(* Let $B_1$ and $B_2$ be rook equivalent Ferrers boards, both written with $n$ columns, such that $\{B_1,B_2\}$ is an edge of the rook equivalence graph. Then the root vectors $\xi(B_1)$ and $\xi(B_2)$ differ only in two positions, whose entries are swapped. That is, if $\xi(B_1)=\langle z_1,\ldots,z_{i_1},\ldots,z_{i_2},\ldots,z_n\rangle$ then $\xi(B_2)=\langle z_1,\ldots,z_{i_2},\ldots,z_{i_1},\ldots,z_n\rangle$ for some $1\le i_1<i_2\le n$ with $z_{i_1}\neq z_{i_2}$.
   Context: A Ferrers board is given by a weakly increasing sequence of non-negative integers $B=(b_1,\ldots,b_n)$ of column heights; it is the set of unit cells in the first quadrant lying in column $i$ and rows $1,\ldots,b_i$. Prepending columns of height $0$ on the left does not change the board, and boards are compared using the same number of columns by such padding. A placement of $k$ rooks on $B$ is a set of $k$ cells of $B$ no two in the same row or column; $r_k(B)$ is the number of such placements. Two boards are rook equivalent ($B_1\equiv B_2$) if $r_k(B_1)=r_k(B_2)$ for all $k\ge 0$. The root vector of $B=(b_1,\ldots,b_n)$ is $\xi(B)=\langle 0-b_1,1-b_2,\ldots,(n-1)-b_n\rangle$. The rook equivalence graph of the class of $B$ has as vertices all Ferrers boards rook equivalent to $B$, and $\{B_1,B_2\}$ is an edge iff, written with the same number of columns, $B_1$ and $B_2$ differ in exactly two columns $i$ and $j$, where $B_1$ has $k$ more cells than $B_2$ in column $i$ and $k$ fewer cells than $B_2$ in column $j$, for some $k>0$ (i.e. one is obtained from the other by moving $k$ cells from the top of one column to the top of another). *)

theory Defs
  imports Main
begin

(* A Ferrers board with n columns: a list of column heights of length n,
   weakly increasing. Columns are 0-indexed here (column i of the paper is index i-1). *)
definition ferrers :: "nat list \<Rightarrow> bool" where
  "ferrers B \<longleftrightarrow> sorted B"

definition cells :: "nat list \<Rightarrow> (nat \<times> nat) set" where
  "cells B = {(i, j). i < length B \<and> 1 \<le> j \<and> j \<le> B ! i}"

definition rook_placement :: "nat list \<Rightarrow> nat \<Rightarrow> (nat \<times> nat) set \<Rightarrow> bool" where
  "rook_placement B k P \<longleftrightarrow> P \<subseteq> cells B \<and> card P = k \<and>
     (\<forall>c\<in>P. \<forall>d\<in>P. c \<noteq> d \<longrightarrow> fst c \<noteq> fst d \<and> snd c \<noteq> snd d)"

definition rook_number :: "nat list \<Rightarrow> nat \<Rightarrow> nat" where
  "rook_number B k = card {P. rook_placement B k P}"

definition rook_equiv :: "nat list \<Rightarrow> nat list \<Rightarrow> bool" where
  "rook_equiv B1 B2 \<longleftrightarrow> (\<forall>k. rook_number B1 k = rook_number B2 k)"

definition root_vector :: "nat list \<Rightarrow> int list" where
  "root_vector B = map (\<lambda>i. int i - int (B ! i)) [0..<length B]"

definition rook_edge :: "nat list \<Rightarrow> nat list \<Rightarrow> bool" where
  "rook_edge B1 B2 \<longleftrightarrow> length B1 = length B2 \<and>
     (\<exists>i j k. i < length B1 \<and> j < length B1 \<and> i \<noteq> j \<and> k > 0 \<and>
        B1 ! i = B2 ! i + k \<and> B1 ! j + k = B2 ! j \<and>
        (\<forall>l<length B1. l \<noteq> i \<longrightarrow> l \<noteq> j \<longrightarrow> B1 ! l = B2 ! l))"

end

(* The first two rook numbers determine the first two power sums of the root vector z:
   r_1 is the number m of cells, and for a Ferrers board with n columns
     2 r_2 + (sum of z_p^2) = m^2 - 2 (n - 1) m + (sum of p^2 for p < n).
   Along an edge, k cells move from column i to column j, so only z_i and z_j change, to
   z_i + k and z_j - k. Two pairs with equal sums and equal sums of squares coincide as
   multisets, and z_i + k differs from z_i, so the two entries are swapped. *)
theory Submission imports Defs begin

lemma card_distinct_pairs_atLeastAtMost:
  "card {(r, s). r \<in> {1..a} \<and> s \<in> {1..b} \<and> r \<noteq> s} = a * b - min a b"
proof -
  have "{(r, s). r \<in> {1..a} \<and> s \<in> {1..b} \<and> r \<noteq> s} =
      {1..a} \<times> {1..b} - (\<lambda>r. (r, r)) ` {1..min a b}"
    by auto
  moreover have "card ((\<lambda>r. (r, r)) ` {1..min a b}) = min a b"
    by (subst card_image) (auto simp: inj_on_def)
  moreover have "(\<lambda>r. (r, r)) ` {1..min a b} \<subseteq> {1..a} \<times> {1..b}"
    by auto
  ultimately show ?thesis
    by (simp add: card_Diff_subset finite_subset card_cartesian_product)
qed

lemma card_cells: "card (cells B) = sum_list B"
proof -
  have "cells B = (SIGMA i:{..<length B}. {1..B ! i})"
    by (auto simp: cells_def)
  then show ?thesis
    by (simp add: card_SigmaI sum_list_sum_nth atLeast0LessThan)
qed

lemma rook_number_1: "rook_number B 1 = sum_list B"
proof -
  have "{P. rook_placement B 1 P} = (\<lambda>c. {c}) ` cells B"
    by (auto simp: rook_placement_def card_1_singleton_iff)
  then show ?thesis
    by (simp add: rook_number_def card_image card_cells)
qed

definition nonattacking_pairs :: "nat list \<Rightarrow> ((nat \<times> nat) \<times> (nat \<times> nat)) set" where
  "nonattacking_pairs B =
     {(c, d). c \<in> cells B \<and> d \<in> cells B \<and> fst c < fst d \<and> snd c \<noteq> snd d}"

lemma rook_placements_2_eq:
  "{P. rook_placement B 2 P} = (\<lambda>(c, d). {c, d}) ` nonattacking_pairs B"
proof (intro set_eqI iffI)
  fix P assume "P \<in> {P. rook_placement B 2 P}"
  then obtain c d where P: "P = {c, d}" "c \<noteq> d"
    and "c \<in> cells B" "d \<in> cells B" "fst c \<noteq> fst d" "snd c \<noteq> snd d"
    by (auto simp: rook_placement_def card_2_iff)
  then have "(c, d) \<in> nonattacking_pairs B \<or> (d, c) \<in> nonattacking_pairs B"
    by (auto simp: nonattacking_pairs_def)
  with P show "P \<in> (\<lambda>(c, d). {c, d}) ` nonattacking_pairs B"
    by (auto simp: insert_commute)
next
  fix P assume "P \<in> (\<lambda>(c, d). {c, d}) ` nonattacking_pairs B"
  then show "P \<in> {P. rook_placement B 2 P}"
    by (auto simp: nonattacking_pairs_def rook_placement_def)
qed

lemma rook_number_2:
  "rook_number B 2 = (\<Sum>q<length B. \<Sum>p<q. B ! p * B ! q - min (B ! p) (B ! q))"
proof -
  define D where "D p q = {(r, s). r \<in> {1..B ! p} \<and> s \<in> {1..B ! q} \<and> r \<noteq> s}" for p q
  have finite_D: "finite (D p q)" for p q
    by (rule finite_subset[of _ "{1..B ! p} \<times> {1..B ! q}"]) (auto simp: D_def)
  have "inj_on (\<lambda>(c, d). {c, d}) (nonattacking_pairs B)"
    by (auto simp: inj_on_def nonattacking_pairs_def doubleton_eq_iff)
  then have "rook_number B 2 = card (nonattacking_pairs B)"
    by (simp add: rook_number_def rook_placements_2_eq card_image)
  also have "nonattacking_pairs B = (\<lambda>(q, p, r, s). ((p, r), (q, s))) `
      (SIGMA q:{..<length B}. SIGMA p:{..<q}. D p q)"
    by (auto simp: nonattacking_pairs_def cells_def D_def image_iff)
  also have "card \<dots> = card (SIGMA q:{..<length B}. SIGMA p:{..<q}. D p q)"
    by (rule card_image) (auto simp: inj_on_def)
  also have "\<dots> = (\<Sum>q<length B. \<Sum>p<q. card (D p q))"
    by (simp add: card_SigmaI finite_D)
  finally show ?thesis
    unfolding D_def card_distinct_pairs_atLeastAtMost .
qed

lemma pair_sum_root_squares_identity:
  fixes f :: "nat \<Rightarrow> 'a::comm_ring_1"
  shows "2 * (\<Sum>q<n. \<Sum>p<q. f p * (f q - 1)) + (\<Sum>p<n. (of_nat p - f p)\<^sup>2) =
    (\<Sum>p<n. f p)\<^sup>2 - 2 * (of_nat n - 1) * (\<Sum>p<n. f p) + (\<Sum>p<n. (of_nat p)\<^sup>2)"
proof (induction n)
  case (Suc n)
  have new_column: "(\<Sum>p<n. f p * (f n - 1)) = (\<Sum>p<n. f p) * (f n - 1)"
    by (simp add: sum_distrib_right)
  from Suc.IH show ?case
    unfolding sum.lessThan_Suc new_column by (simp add: power2_eq_square algebra_simps)
qed simp

lemma length_root_vector [simp]: "length (root_vector B) = length B"
  by (simp add: root_vector_def)

lemma nth_root_vector [simp]: "p < length B \<Longrightarrow> root_vector B ! p = int p - int (B ! p)"
  by (simp add: root_vector_def)

lemma sum_list_map_root_vector:
  "sum_list (map g (root_vector B)) = (\<Sum>p<length B. g (int p - int (B ! p)))"
  by (simp add: root_vector_def sum_set_upt_conv_sum_list_nat[symmetric] atLeast0LessThan)

lemma sum_list_root_vector:
  "sum_list (root_vector B) = (\<Sum>p<length B. int p) - int (sum_list B)"
  using sum_list_map_root_vector[of "\<lambda>z. z" B]
  by (simp add: sum_subtractf sum_list_sum_nth atLeast0LessThan)

lemma sum_squares_root_vector:
  assumes "sorted B"
  shows "2 * int (rook_number B 2) + sum_list (map (\<lambda>z. z\<^sup>2) (root_vector B)) =
    (int (sum_list B))\<^sup>2 - 2 * (int (length B) - 1) * int (sum_list B) + (\<Sum>p<length B. (int p)\<^sup>2)"
proof -
  have "int (rook_number B 2) = (\<Sum>q<length B. \<Sum>p<q. int (B ! p) * (int (B ! q) - 1))"
    unfolding rook_number_2 of_nat_sum
  proof (intro sum.cong refl)
    fix q p assume "q \<in> {..<length B}" "p \<in> {..<q}"
    then have "B ! p \<le> B ! q"
      using assms by (simp add: sorted_iff_nth_mono)
    then show "int (B ! p * B ! q - min (B ! p) (B ! q)) = int (B ! p) * (int (B ! q) - 1)"
      by (cases "B ! q") (simp_all add: algebra_simps)
  qed
  then show ?thesis
    using pair_sum_root_squares_identity[of "\<lambda>p. int (B ! p)" "length B"]
    by (simp add: sum_list_map_root_vector sum_list_sum_nth atLeast0LessThan)
qed

lemma rook_equiv_root_vector_power_sums:
  assumes "ferrers B1" "ferrers B2" "length B1 = length B2" "rook_equiv B1 B2"
  shows "sum_list (root_vector B1) = sum_list (root_vector B2)"
    and "sum_list (map (\<lambda>z. z\<^sup>2) (root_vector B1)) = sum_list (map (\<lambda>z. z\<^sup>2) (root_vector B2))"
proof -
  have sums_eq: "sum_list B1 = sum_list B2"
    using assms(4) by (simp add: rook_equiv_def flip: rook_number_1)
  have "rook_number B1 2 = rook_number B2 2"
    using assms(4) by (simp add: rook_equiv_def)
  from sums_eq show "sum_list (root_vector B1) = sum_list (root_vector B2)"
    using assms(3) by (simp add: sum_list_root_vector)
  show "sum_list (map (\<lambda>z. z\<^sup>2) (root_vector B1)) = sum_list (map (\<lambda>z. z\<^sup>2) (root_vector B2))"
    using sum_squares_root_vector assms(1-3) sums_eq \<open>rook_number B1 2 = rook_number B2 2\<close>
    by (metis ferrers_def add_left_cancel)
qed

lemma rook_edge_root_vector:
  assumes "rook_edge B1 B2"
  obtains i j k where "i < length B1" "j < length B1" "i \<noteq> j" "k > 0"
    and "root_vector B2 =
      (root_vector B1)[i := root_vector B1 ! i + int k, j := root_vector B1 ! j - int k]"
proof -
  obtain i j k where ijk: "i < length B1" "j < length B1" "i \<noteq> j" "k > 0"
    "B1 ! i = B2 ! i + k" "B1 ! j + k = B2 ! j"
    "\<forall>l<length B1. l \<noteq> i \<longrightarrow> l \<noteq> j \<longrightarrow> B1 ! l = B2 ! l"
    and len: "length B1 = length B2"
    using assms unfolding rook_edge_def by blast
  have "root_vector B2 =
      (root_vector B1)[i := root_vector B1 ! i + int k, j := root_vector B1 ! j - int k]"
    using ijk len by (intro nth_equalityI) (auto simp: nth_list_update)
  with ijk(1-4) show ?thesis
    by (rule that)
qed

lemma sum_list_update_group:
  fixes xs :: "'a::ab_group_add list"
  shows "k < length xs \<Longrightarrow> sum_list (xs[k := x]) = sum_list xs + x - xs ! k"
  by (induction xs arbitrary: k) (auto split: nat.split)

lemma eq_swap_of_eq_sum_and_sum_squares:
  fixes x y x' y' :: "'a::{idom, ring_char_0}"
  assumes "x + y = x' + y'" and "x\<^sup>2 + y\<^sup>2 = x'\<^sup>2 + y'\<^sup>2" and "x' \<noteq> x"
  shows "x' = y \<and> y' = x"
proof -
  have y': "y' = x + y - x'"
    using assms(1) by (simp add: algebra_simps)
  have "2 * ((x' - x) * (x' - y)) = 0"
    using assms(2) unfolding y' by (simp add: power2_eq_square algebra_simps)
  with assms(3) have "x' = y"
    by simp
  with y' show ?thesis
    by simp
qed

lemma list_update_two_power_sums_eq:
  fixes zs :: "'a::{idom, ring_char_0} list"
  assumes "i < length zs" "j < length zs" "i \<noteq> j" "x \<noteq> zs ! i"
    and "sum_list (zs[i := x, j := y]) = sum_list zs"
    and "sum_list (map (\<lambda>z. z\<^sup>2) (zs[i := x, j := y])) = sum_list (map (\<lambda>z. z\<^sup>2) zs)"
  shows "x = zs ! j \<and> y = zs ! i"
proof (rule eq_swap_of_eq_sum_and_sum_squares)
  show "zs ! i + zs ! j = x + y"
    using assms(5) assms(1-3) by (simp add: sum_list_update_group nth_list_update algebra_simps)
  show "(zs ! i)\<^sup>2 + (zs ! j)\<^sup>2 = x\<^sup>2 + y\<^sup>2"
    using assms(6) assms(1-3)
    by (simp add: map_update sum_list_update_group nth_list_update algebra_simps)
qed (use assms(4) in simp)

theorem theorem6:
  fixes B1 B2 :: "nat list" and n :: nat
  assumes "ferrers B1" and "ferrers B2"
    and "length B1 = n" and "length B2 = n"
    and "rook_equiv B1 B2"
    and "rook_edge B1 B2"
  shows "\<exists>i1 i2. i1 < i2 \<and> i2 < n \<and>
           root_vector B1 ! i1 \<noteq> root_vector B1 ! i2 \<and>
           root_vector B2 = (root_vector B1)[i1 := root_vector B1 ! i2, i2 := root_vector B1 ! i1]"
proof -
  let ?z = "root_vector B1"
  obtain i j k where ij: "i < n" "j < n" "i \<noteq> j" and "k > 0"
    and edge: "root_vector B2 = ?z[i := ?z ! i + int k, j := ?z ! j - int k]"
    using rook_edge_root_vector[OF assms(6)] assms(3) by metis
  have "?z ! i + int k = ?z ! j \<and> ?z ! j - int k = ?z ! i"
    using list_update_two_power_sums_eq[of i ?z j "?z ! i + int k"] ij \<open>k > 0\<close> assms(3,4)
      rook_equiv_root_vector_power_sums[OF assms(1,2) _ assms(5)]
    by (simp add: edge)
  then have distinct: "?z ! i \<noteq> ?z ! j" and swap: "root_vector B2 = ?z[i := ?z ! j, j := ?z ! i]"
    using \<open>k > 0\<close> edge by auto
  show ?thesis
  proof (cases "i < j")
    case True
    with ij distinct swap show ?thesis by blast
  next
    case False
    with ij distinct swap show ?thesis
      by (metis linorder_neqE_nat list_update_swap)
  qed
qed

end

───

WORK REQUEST:
What lines in the listing contain "intro"? Copy them all.

ANSWER BELOW:
proof (intro set_eqI iffI)
  proof (intro sum.cong refl)
    using ijk len by (intro nth_equalityI) (auto simp: nth_list_update)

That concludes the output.